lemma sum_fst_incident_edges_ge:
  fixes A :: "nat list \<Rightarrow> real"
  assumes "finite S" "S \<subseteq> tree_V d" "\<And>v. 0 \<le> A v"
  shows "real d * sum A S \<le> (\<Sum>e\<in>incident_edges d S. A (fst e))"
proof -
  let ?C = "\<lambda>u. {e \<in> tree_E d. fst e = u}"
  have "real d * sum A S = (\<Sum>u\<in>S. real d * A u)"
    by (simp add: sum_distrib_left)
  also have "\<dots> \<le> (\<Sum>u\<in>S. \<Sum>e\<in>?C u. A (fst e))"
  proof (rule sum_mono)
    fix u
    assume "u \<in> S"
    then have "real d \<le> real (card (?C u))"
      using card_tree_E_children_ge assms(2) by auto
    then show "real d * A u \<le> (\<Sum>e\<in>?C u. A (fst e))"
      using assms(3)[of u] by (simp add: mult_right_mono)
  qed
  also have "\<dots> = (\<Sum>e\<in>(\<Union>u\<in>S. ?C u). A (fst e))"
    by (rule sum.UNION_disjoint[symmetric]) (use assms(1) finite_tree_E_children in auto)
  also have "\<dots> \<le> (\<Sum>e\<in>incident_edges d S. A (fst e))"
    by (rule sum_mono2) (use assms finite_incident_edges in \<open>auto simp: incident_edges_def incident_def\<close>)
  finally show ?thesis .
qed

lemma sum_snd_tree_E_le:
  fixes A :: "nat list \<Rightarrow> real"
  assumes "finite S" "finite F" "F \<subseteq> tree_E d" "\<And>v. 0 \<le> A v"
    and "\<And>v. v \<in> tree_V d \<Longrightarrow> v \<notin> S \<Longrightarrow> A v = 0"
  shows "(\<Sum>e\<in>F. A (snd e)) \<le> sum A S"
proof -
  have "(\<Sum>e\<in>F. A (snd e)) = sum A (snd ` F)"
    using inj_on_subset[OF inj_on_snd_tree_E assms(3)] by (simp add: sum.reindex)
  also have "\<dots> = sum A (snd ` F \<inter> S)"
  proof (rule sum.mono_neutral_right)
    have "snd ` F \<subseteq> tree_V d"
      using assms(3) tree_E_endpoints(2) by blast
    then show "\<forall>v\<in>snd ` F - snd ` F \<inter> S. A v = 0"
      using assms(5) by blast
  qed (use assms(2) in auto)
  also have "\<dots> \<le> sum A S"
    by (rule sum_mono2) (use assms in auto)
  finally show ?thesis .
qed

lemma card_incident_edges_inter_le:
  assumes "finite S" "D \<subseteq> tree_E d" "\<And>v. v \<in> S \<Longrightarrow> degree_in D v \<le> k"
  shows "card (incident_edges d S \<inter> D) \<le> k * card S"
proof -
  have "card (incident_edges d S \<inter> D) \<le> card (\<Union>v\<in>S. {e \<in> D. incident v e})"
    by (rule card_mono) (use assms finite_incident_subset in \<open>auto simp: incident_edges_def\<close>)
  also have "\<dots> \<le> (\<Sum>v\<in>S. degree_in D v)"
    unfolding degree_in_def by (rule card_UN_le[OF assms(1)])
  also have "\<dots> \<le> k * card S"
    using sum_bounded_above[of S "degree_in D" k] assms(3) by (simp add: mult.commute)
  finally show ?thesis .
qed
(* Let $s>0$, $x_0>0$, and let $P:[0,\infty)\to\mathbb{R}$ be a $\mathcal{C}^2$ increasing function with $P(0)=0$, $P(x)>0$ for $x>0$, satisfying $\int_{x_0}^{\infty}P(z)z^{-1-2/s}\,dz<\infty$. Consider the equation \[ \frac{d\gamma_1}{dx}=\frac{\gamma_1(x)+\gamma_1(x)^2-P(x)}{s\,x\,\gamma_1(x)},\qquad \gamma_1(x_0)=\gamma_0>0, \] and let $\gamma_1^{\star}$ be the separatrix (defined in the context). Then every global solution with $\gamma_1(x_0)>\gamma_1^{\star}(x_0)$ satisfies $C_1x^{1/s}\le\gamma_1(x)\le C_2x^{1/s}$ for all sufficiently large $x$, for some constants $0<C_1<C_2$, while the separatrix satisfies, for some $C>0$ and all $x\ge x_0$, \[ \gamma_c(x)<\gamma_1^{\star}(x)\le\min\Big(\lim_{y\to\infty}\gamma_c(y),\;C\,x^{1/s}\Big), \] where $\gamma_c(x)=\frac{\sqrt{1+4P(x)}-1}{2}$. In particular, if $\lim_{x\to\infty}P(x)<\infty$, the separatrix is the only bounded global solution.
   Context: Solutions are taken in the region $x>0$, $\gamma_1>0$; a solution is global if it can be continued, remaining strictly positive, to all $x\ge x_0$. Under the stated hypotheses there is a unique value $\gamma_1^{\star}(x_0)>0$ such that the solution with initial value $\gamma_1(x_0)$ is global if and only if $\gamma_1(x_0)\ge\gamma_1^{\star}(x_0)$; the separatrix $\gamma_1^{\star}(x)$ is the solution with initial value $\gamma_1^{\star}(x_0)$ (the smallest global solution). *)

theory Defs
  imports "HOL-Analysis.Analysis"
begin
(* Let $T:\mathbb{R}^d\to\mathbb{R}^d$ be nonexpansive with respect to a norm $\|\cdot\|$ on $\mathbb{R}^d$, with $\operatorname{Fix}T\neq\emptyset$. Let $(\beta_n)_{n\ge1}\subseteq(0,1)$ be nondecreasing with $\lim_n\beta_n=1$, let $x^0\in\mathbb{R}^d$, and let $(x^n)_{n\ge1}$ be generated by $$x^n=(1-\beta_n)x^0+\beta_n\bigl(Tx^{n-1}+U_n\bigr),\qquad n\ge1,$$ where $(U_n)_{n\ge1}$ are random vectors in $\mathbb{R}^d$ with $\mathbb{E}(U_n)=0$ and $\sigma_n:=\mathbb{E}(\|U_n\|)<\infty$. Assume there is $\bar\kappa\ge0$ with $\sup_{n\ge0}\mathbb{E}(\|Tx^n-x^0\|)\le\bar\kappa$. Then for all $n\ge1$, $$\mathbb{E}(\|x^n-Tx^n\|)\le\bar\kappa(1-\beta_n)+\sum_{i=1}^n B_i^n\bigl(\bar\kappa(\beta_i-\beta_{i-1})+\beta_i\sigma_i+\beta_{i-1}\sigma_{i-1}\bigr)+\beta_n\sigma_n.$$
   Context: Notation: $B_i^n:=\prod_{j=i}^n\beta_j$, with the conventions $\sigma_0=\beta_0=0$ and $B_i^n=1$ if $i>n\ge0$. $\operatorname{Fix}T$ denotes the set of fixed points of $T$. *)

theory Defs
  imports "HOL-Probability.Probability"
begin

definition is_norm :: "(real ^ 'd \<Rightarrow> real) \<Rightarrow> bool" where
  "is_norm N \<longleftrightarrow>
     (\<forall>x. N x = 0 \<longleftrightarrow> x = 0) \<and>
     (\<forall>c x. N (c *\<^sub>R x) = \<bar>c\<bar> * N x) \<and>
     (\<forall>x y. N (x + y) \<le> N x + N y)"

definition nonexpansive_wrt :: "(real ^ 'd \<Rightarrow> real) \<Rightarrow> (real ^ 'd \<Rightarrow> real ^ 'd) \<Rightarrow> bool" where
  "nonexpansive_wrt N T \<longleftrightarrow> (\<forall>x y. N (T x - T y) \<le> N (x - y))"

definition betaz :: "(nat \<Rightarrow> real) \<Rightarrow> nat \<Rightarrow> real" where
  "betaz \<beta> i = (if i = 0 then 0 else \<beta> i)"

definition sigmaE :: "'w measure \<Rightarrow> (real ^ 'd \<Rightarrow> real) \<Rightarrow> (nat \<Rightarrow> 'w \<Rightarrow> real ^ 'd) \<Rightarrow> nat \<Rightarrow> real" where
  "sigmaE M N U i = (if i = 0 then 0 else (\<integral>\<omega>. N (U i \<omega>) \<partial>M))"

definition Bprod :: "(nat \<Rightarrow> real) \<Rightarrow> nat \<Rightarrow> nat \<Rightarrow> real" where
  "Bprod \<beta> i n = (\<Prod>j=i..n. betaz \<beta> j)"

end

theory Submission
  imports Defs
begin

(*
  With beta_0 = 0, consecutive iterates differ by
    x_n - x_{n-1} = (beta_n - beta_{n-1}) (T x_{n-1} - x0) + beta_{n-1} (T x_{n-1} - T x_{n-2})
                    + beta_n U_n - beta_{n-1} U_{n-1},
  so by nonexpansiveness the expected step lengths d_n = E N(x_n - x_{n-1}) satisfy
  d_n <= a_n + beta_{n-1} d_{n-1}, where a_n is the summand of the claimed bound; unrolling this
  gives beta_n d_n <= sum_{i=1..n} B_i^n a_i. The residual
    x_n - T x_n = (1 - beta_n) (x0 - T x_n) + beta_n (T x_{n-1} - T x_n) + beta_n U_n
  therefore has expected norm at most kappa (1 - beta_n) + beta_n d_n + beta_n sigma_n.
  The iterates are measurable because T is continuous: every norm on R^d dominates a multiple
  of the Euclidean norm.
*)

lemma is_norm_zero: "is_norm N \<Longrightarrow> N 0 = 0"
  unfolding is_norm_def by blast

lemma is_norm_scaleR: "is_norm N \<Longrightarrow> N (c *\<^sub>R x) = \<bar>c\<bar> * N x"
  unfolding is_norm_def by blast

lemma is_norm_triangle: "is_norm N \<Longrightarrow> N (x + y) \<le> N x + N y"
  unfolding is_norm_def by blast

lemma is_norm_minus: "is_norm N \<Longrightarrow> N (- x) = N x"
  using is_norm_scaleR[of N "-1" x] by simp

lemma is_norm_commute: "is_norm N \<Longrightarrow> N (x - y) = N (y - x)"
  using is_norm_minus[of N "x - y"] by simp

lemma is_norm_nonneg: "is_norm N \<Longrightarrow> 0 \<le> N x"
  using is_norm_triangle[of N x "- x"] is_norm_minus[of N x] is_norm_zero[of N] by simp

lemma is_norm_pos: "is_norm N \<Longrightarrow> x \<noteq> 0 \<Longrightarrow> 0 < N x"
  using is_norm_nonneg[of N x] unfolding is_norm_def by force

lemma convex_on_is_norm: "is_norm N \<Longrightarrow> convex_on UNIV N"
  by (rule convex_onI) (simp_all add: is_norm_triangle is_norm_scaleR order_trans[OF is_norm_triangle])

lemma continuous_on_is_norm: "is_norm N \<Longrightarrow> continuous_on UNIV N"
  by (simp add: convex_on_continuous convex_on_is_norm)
*****
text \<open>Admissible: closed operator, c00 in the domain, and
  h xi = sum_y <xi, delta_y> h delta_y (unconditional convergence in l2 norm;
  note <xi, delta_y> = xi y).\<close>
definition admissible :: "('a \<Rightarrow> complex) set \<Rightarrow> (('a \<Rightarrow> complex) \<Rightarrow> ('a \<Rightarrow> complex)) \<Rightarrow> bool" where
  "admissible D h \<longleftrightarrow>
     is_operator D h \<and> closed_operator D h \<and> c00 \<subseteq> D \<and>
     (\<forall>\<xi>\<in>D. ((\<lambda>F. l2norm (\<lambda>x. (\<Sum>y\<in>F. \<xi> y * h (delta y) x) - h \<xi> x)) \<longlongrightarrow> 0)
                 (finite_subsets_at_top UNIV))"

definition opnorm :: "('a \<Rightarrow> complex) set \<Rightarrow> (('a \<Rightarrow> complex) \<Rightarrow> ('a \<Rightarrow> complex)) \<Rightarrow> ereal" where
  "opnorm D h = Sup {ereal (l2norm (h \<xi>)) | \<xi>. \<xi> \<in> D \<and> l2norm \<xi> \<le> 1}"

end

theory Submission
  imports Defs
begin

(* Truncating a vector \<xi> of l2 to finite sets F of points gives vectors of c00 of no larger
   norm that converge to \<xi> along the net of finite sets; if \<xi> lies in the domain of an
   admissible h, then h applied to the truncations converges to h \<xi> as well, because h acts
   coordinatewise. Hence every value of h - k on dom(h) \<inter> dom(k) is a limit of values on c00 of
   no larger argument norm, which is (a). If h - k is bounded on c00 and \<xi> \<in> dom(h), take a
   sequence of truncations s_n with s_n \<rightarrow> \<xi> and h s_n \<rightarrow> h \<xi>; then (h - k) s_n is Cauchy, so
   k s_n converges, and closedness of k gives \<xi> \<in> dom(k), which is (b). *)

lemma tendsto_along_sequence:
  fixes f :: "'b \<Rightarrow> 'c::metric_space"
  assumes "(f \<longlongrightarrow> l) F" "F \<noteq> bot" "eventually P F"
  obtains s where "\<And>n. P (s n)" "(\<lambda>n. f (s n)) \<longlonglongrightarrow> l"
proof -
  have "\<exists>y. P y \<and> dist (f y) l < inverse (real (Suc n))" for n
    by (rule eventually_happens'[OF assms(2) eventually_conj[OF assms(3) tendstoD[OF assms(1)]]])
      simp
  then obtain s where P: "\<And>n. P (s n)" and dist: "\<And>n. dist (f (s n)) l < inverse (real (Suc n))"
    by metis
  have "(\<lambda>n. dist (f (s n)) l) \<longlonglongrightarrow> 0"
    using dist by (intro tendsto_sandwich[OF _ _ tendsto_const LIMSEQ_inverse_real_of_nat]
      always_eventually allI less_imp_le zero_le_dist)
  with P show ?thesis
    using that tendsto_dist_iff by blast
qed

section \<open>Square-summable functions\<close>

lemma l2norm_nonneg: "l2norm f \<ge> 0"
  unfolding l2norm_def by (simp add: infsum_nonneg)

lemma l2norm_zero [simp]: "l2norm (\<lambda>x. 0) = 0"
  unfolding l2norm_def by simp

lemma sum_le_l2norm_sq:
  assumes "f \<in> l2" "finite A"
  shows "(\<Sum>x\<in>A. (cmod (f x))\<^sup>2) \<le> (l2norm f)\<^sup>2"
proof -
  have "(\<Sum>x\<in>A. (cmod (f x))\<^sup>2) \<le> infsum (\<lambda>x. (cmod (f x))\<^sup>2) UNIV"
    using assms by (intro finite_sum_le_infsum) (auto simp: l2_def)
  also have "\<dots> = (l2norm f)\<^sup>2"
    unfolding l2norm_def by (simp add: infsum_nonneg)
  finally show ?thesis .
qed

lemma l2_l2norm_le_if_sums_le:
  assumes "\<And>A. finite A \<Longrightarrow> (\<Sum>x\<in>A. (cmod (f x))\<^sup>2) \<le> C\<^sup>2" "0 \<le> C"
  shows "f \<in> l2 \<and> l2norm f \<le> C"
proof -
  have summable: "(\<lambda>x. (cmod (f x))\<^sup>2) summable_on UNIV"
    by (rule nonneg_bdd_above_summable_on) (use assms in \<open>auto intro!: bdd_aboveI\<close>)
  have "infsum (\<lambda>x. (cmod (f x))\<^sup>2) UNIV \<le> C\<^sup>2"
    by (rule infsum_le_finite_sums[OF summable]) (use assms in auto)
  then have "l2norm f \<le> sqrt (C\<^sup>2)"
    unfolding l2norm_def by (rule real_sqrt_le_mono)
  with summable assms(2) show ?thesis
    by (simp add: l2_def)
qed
*****
Task item: Reproduce, word for word and in full, only the lines above that start at the line with "of the Euclidean norm." and run through the line with "by (simp add: convex_on_continuous", both ends included.

Exercise response:
  of the Euclidean norm.
*)

lemma is_norm_zero: "is_norm N \<Longrightarrow> N 0 = 0"
  unfolding is_norm_def by blast

lemma is_norm_scaleR: "is_norm N \<Longrightarrow> N (c *\<^sub>R x) = \<bar>c\<bar> * N x"
  unfolding is_norm_def by blast

lemma is_norm_triangle: "is_norm N \<Longrightarrow> N (x + y) \<le> N x + N y"
  unfolding is_norm_def by blast

lemma is_norm_minus: "is_norm N \<Longrightarrow> N (- x) = N x"
  using is_norm_scaleR[of N "-1" x] by simp

lemma is_norm_commute: "is_norm N \<Longrightarrow> N (x - y) = N (y - x)"
  using is_norm_minus[of N "x - y"] by simp

lemma is_norm_nonneg: "is_norm N \<Longrightarrow> 0 \<le> N x"
  using is_norm_triangle[of N x "- x"] is_norm_minus[of N x] is_norm_zero[of N] by simp

lemma is_norm_pos: "is_norm N \<Longrightarrow> x \<noteq> 0 \<Longrightarrow> 0 < N x"
  using is_norm_nonneg[of N x] unfolding is_norm_def by force

lemma convex_on_is_norm: "is_norm N \<Longrightarrow> convex_on UNIV N"
  by (rule convex_onI) (simp_all add: is_norm_triangle is_norm_scaleR order_trans[OF is_norm_triangle])

lemma continuous_on_is_norm: "is_norm N \<Longrightarrow> continuous_on UNIV N"
  by (simp add: convex_on_continuous convex_on_is_norm)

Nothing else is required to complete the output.